Activity — Once you reach the line containing "then show thesis" in the entries below, write out that line and each one after it down to the line containing "(intro mult_mono) auto", exactly and with nothing added.

Stored data entries —
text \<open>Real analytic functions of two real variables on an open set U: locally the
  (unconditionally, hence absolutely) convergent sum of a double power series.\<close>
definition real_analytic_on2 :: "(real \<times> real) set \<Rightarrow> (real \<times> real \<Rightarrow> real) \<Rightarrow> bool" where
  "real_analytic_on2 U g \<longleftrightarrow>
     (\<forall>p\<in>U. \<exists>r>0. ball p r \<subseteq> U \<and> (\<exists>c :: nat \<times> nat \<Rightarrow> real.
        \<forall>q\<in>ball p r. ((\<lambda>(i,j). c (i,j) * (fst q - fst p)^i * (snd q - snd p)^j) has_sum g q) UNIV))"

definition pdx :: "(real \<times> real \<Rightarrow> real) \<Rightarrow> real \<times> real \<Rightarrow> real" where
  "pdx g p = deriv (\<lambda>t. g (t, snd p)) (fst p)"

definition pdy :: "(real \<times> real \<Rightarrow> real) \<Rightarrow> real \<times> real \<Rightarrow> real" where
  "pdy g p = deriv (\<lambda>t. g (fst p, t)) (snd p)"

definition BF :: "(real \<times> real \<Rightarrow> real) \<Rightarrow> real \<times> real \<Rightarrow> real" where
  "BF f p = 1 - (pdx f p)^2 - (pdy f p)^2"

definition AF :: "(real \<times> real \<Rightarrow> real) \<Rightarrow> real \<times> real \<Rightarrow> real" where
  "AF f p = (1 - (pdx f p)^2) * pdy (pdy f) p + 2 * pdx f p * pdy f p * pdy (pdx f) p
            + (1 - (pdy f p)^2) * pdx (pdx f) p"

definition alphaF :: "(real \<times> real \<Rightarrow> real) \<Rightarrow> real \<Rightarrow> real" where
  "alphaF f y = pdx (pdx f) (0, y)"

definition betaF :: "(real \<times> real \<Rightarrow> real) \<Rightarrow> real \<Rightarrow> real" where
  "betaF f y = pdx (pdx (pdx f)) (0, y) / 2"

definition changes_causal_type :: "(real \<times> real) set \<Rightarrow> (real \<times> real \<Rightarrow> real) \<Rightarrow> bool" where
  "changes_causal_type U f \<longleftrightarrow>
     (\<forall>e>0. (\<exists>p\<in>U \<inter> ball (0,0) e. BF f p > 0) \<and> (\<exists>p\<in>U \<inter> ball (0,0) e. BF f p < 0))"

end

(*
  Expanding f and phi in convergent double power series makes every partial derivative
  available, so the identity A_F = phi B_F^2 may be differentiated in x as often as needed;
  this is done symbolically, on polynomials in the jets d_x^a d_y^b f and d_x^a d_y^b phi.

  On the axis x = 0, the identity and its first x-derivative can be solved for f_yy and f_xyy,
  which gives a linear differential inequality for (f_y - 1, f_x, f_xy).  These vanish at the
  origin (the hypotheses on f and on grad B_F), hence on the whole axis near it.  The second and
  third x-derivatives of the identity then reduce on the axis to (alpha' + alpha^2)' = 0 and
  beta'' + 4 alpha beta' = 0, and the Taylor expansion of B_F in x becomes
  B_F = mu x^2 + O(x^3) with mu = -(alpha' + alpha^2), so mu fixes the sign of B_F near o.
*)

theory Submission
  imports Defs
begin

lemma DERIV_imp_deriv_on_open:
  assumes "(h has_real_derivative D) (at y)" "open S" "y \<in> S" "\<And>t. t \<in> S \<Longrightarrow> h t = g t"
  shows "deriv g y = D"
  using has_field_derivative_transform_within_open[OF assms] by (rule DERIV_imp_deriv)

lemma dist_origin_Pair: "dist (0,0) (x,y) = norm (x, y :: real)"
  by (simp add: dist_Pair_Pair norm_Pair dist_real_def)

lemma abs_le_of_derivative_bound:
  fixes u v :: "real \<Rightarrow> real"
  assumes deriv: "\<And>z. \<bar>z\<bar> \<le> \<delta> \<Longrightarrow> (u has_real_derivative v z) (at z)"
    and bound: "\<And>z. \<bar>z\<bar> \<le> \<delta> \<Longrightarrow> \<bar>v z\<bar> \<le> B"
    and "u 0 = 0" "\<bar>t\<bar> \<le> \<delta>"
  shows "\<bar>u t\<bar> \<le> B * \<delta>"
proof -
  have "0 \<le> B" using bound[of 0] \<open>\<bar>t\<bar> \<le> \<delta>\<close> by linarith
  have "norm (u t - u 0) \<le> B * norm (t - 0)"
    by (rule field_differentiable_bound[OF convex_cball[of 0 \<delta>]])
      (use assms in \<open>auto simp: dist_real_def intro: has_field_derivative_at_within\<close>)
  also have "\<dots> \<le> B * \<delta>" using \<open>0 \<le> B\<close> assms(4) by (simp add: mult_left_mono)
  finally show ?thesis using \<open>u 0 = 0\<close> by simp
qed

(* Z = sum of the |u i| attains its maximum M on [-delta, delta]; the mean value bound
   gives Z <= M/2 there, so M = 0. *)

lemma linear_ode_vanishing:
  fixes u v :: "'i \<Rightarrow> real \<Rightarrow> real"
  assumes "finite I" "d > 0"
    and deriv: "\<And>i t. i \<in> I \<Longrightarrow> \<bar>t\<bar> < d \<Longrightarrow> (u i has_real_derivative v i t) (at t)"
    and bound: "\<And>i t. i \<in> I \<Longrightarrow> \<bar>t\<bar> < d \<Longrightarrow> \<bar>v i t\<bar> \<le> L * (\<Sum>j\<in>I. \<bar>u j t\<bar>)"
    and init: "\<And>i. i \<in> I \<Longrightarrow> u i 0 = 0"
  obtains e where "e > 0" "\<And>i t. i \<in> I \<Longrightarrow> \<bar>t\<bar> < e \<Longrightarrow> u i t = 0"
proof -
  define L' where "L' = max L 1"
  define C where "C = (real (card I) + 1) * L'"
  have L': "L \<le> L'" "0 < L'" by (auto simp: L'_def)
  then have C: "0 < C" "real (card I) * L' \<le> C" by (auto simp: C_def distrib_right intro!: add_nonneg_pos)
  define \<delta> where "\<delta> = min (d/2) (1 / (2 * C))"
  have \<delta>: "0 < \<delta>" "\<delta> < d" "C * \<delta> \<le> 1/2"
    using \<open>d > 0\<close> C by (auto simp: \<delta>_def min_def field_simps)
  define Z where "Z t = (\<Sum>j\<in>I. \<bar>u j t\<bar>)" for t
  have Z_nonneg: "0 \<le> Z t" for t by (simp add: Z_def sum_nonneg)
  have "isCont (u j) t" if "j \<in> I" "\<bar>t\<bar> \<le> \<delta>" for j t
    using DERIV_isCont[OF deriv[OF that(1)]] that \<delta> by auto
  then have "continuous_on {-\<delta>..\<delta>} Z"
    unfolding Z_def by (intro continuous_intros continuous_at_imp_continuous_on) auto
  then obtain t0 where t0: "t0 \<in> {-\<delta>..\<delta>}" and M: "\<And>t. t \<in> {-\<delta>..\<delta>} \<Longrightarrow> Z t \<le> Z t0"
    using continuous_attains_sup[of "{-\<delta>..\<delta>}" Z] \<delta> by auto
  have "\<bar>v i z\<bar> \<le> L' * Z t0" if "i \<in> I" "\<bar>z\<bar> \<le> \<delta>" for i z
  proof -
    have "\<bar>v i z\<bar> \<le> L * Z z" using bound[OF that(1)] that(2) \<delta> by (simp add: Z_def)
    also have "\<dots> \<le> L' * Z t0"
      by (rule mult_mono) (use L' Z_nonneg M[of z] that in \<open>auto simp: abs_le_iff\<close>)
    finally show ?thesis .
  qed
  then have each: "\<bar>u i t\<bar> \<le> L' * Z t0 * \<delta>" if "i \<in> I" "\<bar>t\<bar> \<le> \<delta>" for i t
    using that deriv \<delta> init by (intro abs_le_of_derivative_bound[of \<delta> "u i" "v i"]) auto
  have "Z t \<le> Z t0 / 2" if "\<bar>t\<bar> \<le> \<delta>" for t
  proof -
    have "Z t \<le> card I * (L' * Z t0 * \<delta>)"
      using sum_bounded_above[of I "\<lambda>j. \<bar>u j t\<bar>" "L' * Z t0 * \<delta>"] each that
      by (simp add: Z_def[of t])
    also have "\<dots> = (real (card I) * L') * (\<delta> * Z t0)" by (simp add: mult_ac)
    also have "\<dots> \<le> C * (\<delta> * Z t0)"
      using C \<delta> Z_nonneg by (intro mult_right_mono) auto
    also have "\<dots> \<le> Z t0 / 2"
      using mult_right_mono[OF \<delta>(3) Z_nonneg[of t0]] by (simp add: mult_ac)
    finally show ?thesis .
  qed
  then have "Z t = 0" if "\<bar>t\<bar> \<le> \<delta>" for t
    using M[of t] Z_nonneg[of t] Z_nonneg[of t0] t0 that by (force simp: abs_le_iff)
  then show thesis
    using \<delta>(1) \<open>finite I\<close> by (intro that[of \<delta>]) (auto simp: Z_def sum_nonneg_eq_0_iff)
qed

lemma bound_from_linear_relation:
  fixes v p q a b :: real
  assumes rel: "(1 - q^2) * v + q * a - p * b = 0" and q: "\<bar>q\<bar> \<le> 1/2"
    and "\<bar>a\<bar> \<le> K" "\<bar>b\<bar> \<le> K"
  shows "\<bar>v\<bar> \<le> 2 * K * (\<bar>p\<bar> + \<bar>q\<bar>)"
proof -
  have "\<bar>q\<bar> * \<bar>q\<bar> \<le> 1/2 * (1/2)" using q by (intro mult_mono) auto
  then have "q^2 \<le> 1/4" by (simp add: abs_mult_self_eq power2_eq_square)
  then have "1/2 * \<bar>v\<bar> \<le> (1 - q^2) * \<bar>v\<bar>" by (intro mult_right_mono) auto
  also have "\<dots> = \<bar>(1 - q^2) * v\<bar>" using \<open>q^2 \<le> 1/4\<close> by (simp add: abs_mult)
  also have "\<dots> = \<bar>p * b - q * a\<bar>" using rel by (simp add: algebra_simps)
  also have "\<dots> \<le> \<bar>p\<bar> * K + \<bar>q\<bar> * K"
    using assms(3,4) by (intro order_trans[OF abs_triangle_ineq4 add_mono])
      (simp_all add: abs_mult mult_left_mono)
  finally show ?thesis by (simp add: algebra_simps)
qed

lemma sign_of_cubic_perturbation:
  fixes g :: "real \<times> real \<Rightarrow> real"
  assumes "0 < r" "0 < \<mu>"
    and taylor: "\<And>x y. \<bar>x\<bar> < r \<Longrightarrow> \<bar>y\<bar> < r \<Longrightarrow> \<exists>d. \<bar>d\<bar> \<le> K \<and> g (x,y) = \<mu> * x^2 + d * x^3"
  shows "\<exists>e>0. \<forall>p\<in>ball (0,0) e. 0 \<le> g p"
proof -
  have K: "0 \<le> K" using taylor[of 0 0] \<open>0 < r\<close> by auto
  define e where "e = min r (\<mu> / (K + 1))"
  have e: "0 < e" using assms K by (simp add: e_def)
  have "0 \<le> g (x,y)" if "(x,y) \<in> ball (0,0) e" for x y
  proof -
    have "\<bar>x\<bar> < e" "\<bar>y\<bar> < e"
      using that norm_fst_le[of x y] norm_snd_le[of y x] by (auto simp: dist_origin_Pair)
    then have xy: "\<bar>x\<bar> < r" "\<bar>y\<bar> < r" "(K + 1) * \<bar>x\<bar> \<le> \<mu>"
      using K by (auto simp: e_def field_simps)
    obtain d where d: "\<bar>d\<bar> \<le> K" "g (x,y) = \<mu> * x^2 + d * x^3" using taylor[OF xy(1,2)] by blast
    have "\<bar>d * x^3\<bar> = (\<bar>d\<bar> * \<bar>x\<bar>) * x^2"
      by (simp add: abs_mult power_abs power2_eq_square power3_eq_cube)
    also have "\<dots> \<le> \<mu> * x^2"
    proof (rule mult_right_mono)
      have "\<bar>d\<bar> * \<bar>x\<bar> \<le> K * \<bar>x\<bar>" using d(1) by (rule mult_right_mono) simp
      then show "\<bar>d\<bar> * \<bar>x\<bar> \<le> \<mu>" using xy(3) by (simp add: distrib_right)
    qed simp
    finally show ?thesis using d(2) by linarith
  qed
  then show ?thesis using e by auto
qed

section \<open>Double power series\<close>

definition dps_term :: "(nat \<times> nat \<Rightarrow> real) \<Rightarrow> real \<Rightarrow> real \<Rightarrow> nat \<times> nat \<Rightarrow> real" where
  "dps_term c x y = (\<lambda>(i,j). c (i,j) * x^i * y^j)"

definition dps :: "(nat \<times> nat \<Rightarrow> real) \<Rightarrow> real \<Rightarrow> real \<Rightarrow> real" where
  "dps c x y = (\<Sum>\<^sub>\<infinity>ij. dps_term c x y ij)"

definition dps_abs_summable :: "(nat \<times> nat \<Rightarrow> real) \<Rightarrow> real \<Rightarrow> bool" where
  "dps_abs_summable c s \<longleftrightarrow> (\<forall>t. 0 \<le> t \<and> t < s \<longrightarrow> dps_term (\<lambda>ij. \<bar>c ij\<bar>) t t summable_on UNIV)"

Expected answer —
  then show thesis
    using \<delta>(1) \<open>finite I\<close> by (intro that[of \<delta>]) (auto simp: Z_def sum_nonneg_eq_0_iff)
qed

lemma bound_from_linear_relation:
  fixes v p q a b :: real
  assumes rel: "(1 - q^2) * v + q * a - p * b = 0" and q: "\<bar>q\<bar> \<le> 1/2"
    and "\<bar>a\<bar> \<le> K" "\<bar>b\<bar> \<le> K"
  shows "\<bar>v\<bar> \<le> 2 * K * (\<bar>p\<bar> + \<bar>q\<bar>)"
proof -
  have "\<bar>q\<bar> * \<bar>q\<bar> \<le> 1/2 * (1/2)" using q by (intro mult_mono) auto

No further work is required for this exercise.